Javascript supports a few so called "compound operators". These are shorthand assignment operators which first apply the compounded operator to the left and right operand and then store the result in the left operand. The @ represents the operator which is compounded with the = operator, which is one of * / % + - << >> >>> & ^ |
function evaluate(LeftHandSideExpression @ = AssignmentExpression) {
var lref = evaluate(LeftHandSideExpression);
var lval = GetValue(lref);
var rref = evaluate(AssignmentExpression);
var rval = GetValue(rref);
var r = lval @ rval;
if (Type(rval) == 'reference' && IsStrictReference(lref) && Type(GetBase(lref)) == 'environmentRecord' && (GetReferencedName(lref) == 'eval' || GetReferencedName(lref) == 'arguments')) {
throw SyntaxError;
}
PutValue(lref, r);
return rval;
}
Note that the left hand side must not evaluate to an unresolvable reference. If it does, a ReferenceError is thrown on assignment (by PutValue). It may also not be a reference to a data property with [[Writable]] equal to false, or an accessor with [[Set]] equal to undefined, or to a non-existant property of an object whose [[Extensible]] set to false.
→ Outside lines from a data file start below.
text \<open>Expanding both sides along the new coordinate, the left side becomes an expression that the
  induction hypothesis bounds termwise by the right side, minus p^2 times a quantity that is
  nonnegative by antitonicity in S.\<close>
lemma hit_miss_prob_hit_miss_ge:
  assumes "finite A" "finite S" "j \<notin> S"
    and mass: "\<And>x l. x \<in> A \<Longrightarrow> l \<in> insert j S \<Longrightarrow> pmf (D x) l = p"
  shows "hit_miss_prob A dflt D S {} * hit_miss_prob A dflt D {} {j} \<le> hit_miss_prob A dflt D S {j}"
  using assms
proof (induction A arbitrary: S rule: finite_induct)
  case empty
  then show ?case by (simp add: hit_miss_prob_empty_domain)
next
  case (insert x A)
  let ?q = "hit_miss_prob A dflt D"
  let ?s = "real (card S)"
  have massx: "pmf (D x) l = p" if "l \<in> insert j S" for l
    using insert.prems(3) that by simp
  have "0 \<le> p" using massx[of j] by (metis insertI1 pmf_nonneg)
  have "?s * p + p = measure_pmf.prob (D x) (insert j S)"
    using insert.prems massx by (simp add: measure_measure_pmf_finite algebra_simps)
  then have "0 \<le> 1 - (1 + ?s) * p"
    using measure_pmf.prob_le_1[of "D x" "insert j S"] by (simp add: algebra_simps)
  have IH: "?q S' {} * ?q {} {j} \<le> ?q S' {j}" if "S' \<subseteq> S" for S'
    using insert that by (intro insert.IH) (auto intro: finite_subset)
  have "?s * ?q S {} \<le> (\<Sum>l\<in>S. ?q (S - {l}) {})"
    using sum_mono[of S "\<lambda>_. ?q S {}" "\<lambda>l. ?q (S - {l}) {}"] by (simp add: hit_miss_prob_antimono)
  then have "(p * (\<Sum>l\<in>S. ?q (S - {l}) {}) + (1 - ?s * p) * ?q S {}) * ((1 - p) * ?q {} {j})
      = p * ((\<Sum>l\<in>S. ?q (S - {l}) {}) * ?q {} {j}) + (1 - (1 + ?s) * p) * (?q S {} * ?q {} {j})
        - p^2 * ?q {} {j} * ((\<Sum>l\<in>S. ?q (S - {l}) {}) - ?s * ?q S {})"
    by (simp add: algebra_simps power2_eq_square)
  also have "\<dots> \<le> p * (\<Sum>l\<in>S. ?q (S - {l}) {} * ?q {} {j}) + (1 - (1 + ?s) * p) * (?q S {} * ?q {} {j})"
    using \<open>?s * ?q S {} \<le> _\<close> hit_miss_prob_nonneg[of A dflt D "{}" "{j}"]
    by (simp add: sum_distrib_right)
  also have "\<dots> \<le> p * (\<Sum>l\<in>S. ?q (S - {l}) {j}) + (1 - (1 + ?s) * p) * ?q S {j}"
    using \<open>0 \<le> p\<close> \<open>0 \<le> 1 - (1 + ?s) * p\<close> IH
    by (intro add_mono mult_left_mono sum_mono) auto
  finally show ?case
    using hit_miss_prob_insert[of A x S "{}" D p dflt] hit_miss_prob_insert[of A x "{}" "{j}" D p dflt]
      hit_miss_prob_insert[of A x S "{j}" D p dflt] insert.hyps insert.prems massx
    by (simp add: sum_distrib_left)
qed

lemma hit_miss_prob_negatively_correlated:
  assumes "finite A" "finite J" "\<And>x l. x \<in> A \<Longrightarrow> l \<in> J \<Longrightarrow> pmf (D x) l = p"
  shows "hit_miss_prob A dflt D J {} \<le> (\<Prod>j\<in>J. hit_miss_prob A dflt D {j} {})"
  using assms(2,3)
proof (induction J rule: finite_induct)
  case empty
  then show ?case by (simp add: hit_miss_prob_empty_empty)
next
  case (insert j S)
  let ?q = "hit_miss_prob A dflt D"
  have "?q S {} * ?q {} {j} \<le> ?q S {j}"
    using insert by (intro hit_miss_prob_hit_miss_ge[OF \<open>finite A\<close>]) auto
  moreover have "?q S {} = ?q (insert j S) {} + ?q S {j}"
    using hit_miss_prob_split[of A dflt D S "{}" j] by simp
  moreover have "?q {j} {} = 1 - ?q {} {j}"
    using hit_miss_prob_split[of A dflt D "{}" "{}" j] by (simp add: hit_miss_prob_empty_empty)
  ultimately have "?q (insert j S) {} \<le> ?q S {} * ?q {j} {}"
    by (simp add: right_diff_distrib)
  also have "\<dots> \<le> (\<Prod>j\<in>S. ?q {j} {}) * ?q {j} {}"
    using insert by (intro mult_right_mono hit_miss_prob_nonneg) auto
  finally show ?case
    using insert by (simp add: mult.commute)
qed

definition back_edges :: "nat set set \<Rightarrow> nat \<Rightarrow> nat set set" where
  "back_edges E i = {e \<in> E. i \<in> e \<and> e \<subseteq> {0..i}}"

lemma back_degree_eq_card: "back_degree E i = card (back_edges E i)"
  by (simp add: back_degree_def back_edges_def)

lemma r_uniform_hypergraph_finite:
  assumes "r_uniform_hypergraph n r E"
  shows "finite E" and "\<And>e. e \<in> E \<Longrightarrow> finite e"
  using assms finite_subset by (auto simp: r_uniform_hypergraph_def)

definition blocked_colour :: "(nat \<Rightarrow> nat) \<Rightarrow> nat \<Rightarrow> nat set \<Rightarrow> (nat \<Rightarrow> nat) \<Rightarrow> nat" where
  "blocked_colour phi i e x = (if \<forall>u\<in>e - {i}. phi u = x u then x i else 0)"

lemma avail_subset: "avail E k c phi i \<subseteq> {1..k}"
  by (auto simp: avail_def)

lemma greedy_phi_in_colours:
  assumes "0 < k"
  shows "greedy_phi E k c m u \<in> {1..k}"
proof (induction m arbitrary: u)
  case 0
  then show ?case using assms by simp
next
  case (Suc m)
  let ?L = "avail E k c (greedy_phi E k c m) (Suc m)"
  have "finite ?L"
    by (rule finite_subset[OF avail_subset]) simp
  then have "?L \<noteq> {} \<Longrightarrow> Min ?L \<in> {1..k}"
    using Min_in subsetD[OF avail_subset] by metis
  then show ?case
    using Suc.IH assms by (simp add: Let_def)
qed

lemma avail_cong:
  assumes "\<And>e. e \<in> E \<Longrightarrow> e \<subseteq> {0..i} \<Longrightarrow> c e = c' e"
  shows "avail E k c phi i = avail E k c' phi i"
proof -
  have "{c e i |e. e \<in> E \<and> i \<in> e \<and> e \<subseteq> {0..i} \<and> (\<forall>u\<in>e - {i}. phi u = c e u)}
      = {c' e i |e. e \<in> E \<and> i \<in> e \<and> e \<subseteq> {0..i} \<and> (\<forall>u\<in>e - {i}. phi u = c' e u)}"
    using assms by (metis (no_types, lifting))
  then show ?thesis
    by (simp add: avail_def)
qed

lemma greedy_phi_cong:
  assumes "\<And>e. e \<in> E \<Longrightarrow> e \<subseteq> {0..m} \<Longrightarrow> c e = c' e"
  shows "greedy_phi E k c m = greedy_phi E k c' m"
  using assms
proof (induction m)
  case 0
  then show ?case by simp
next
  case (Suc m)
  have "greedy_phi E k c m = greedy_phi E k c' m"
    by (intro Suc.IH Suc.prems) auto
  moreover have "avail E k c phi (Suc m) = avail E k c' phi (Suc m)" for phi
    using Suc.prems by (rule avail_cong)
  ultimately show ?case
    by (simp add: Let_def)
qed

lemma greedy_L_Suc:
  "greedy_L E k c (Suc i) =
     {1..k} - (\<lambda>e. blocked_colour (greedy_phi E k c i) (Suc i) e (c e)) ` back_edges E (Suc i)"
  by (auto simp: greedy_L_def avail_def blocked_colour_def back_edges_def)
In all these cases a TypeError is thrown (again, by or through PutValue).
The only difference between this algorithm and the regular assignment is the application of the compounded operator prior to assigning the result. Note that this happens before the possible throw, but because lval and rval are primitives, no side effects from this can be noticed (in fact, the operation might as well be placed after the condition...).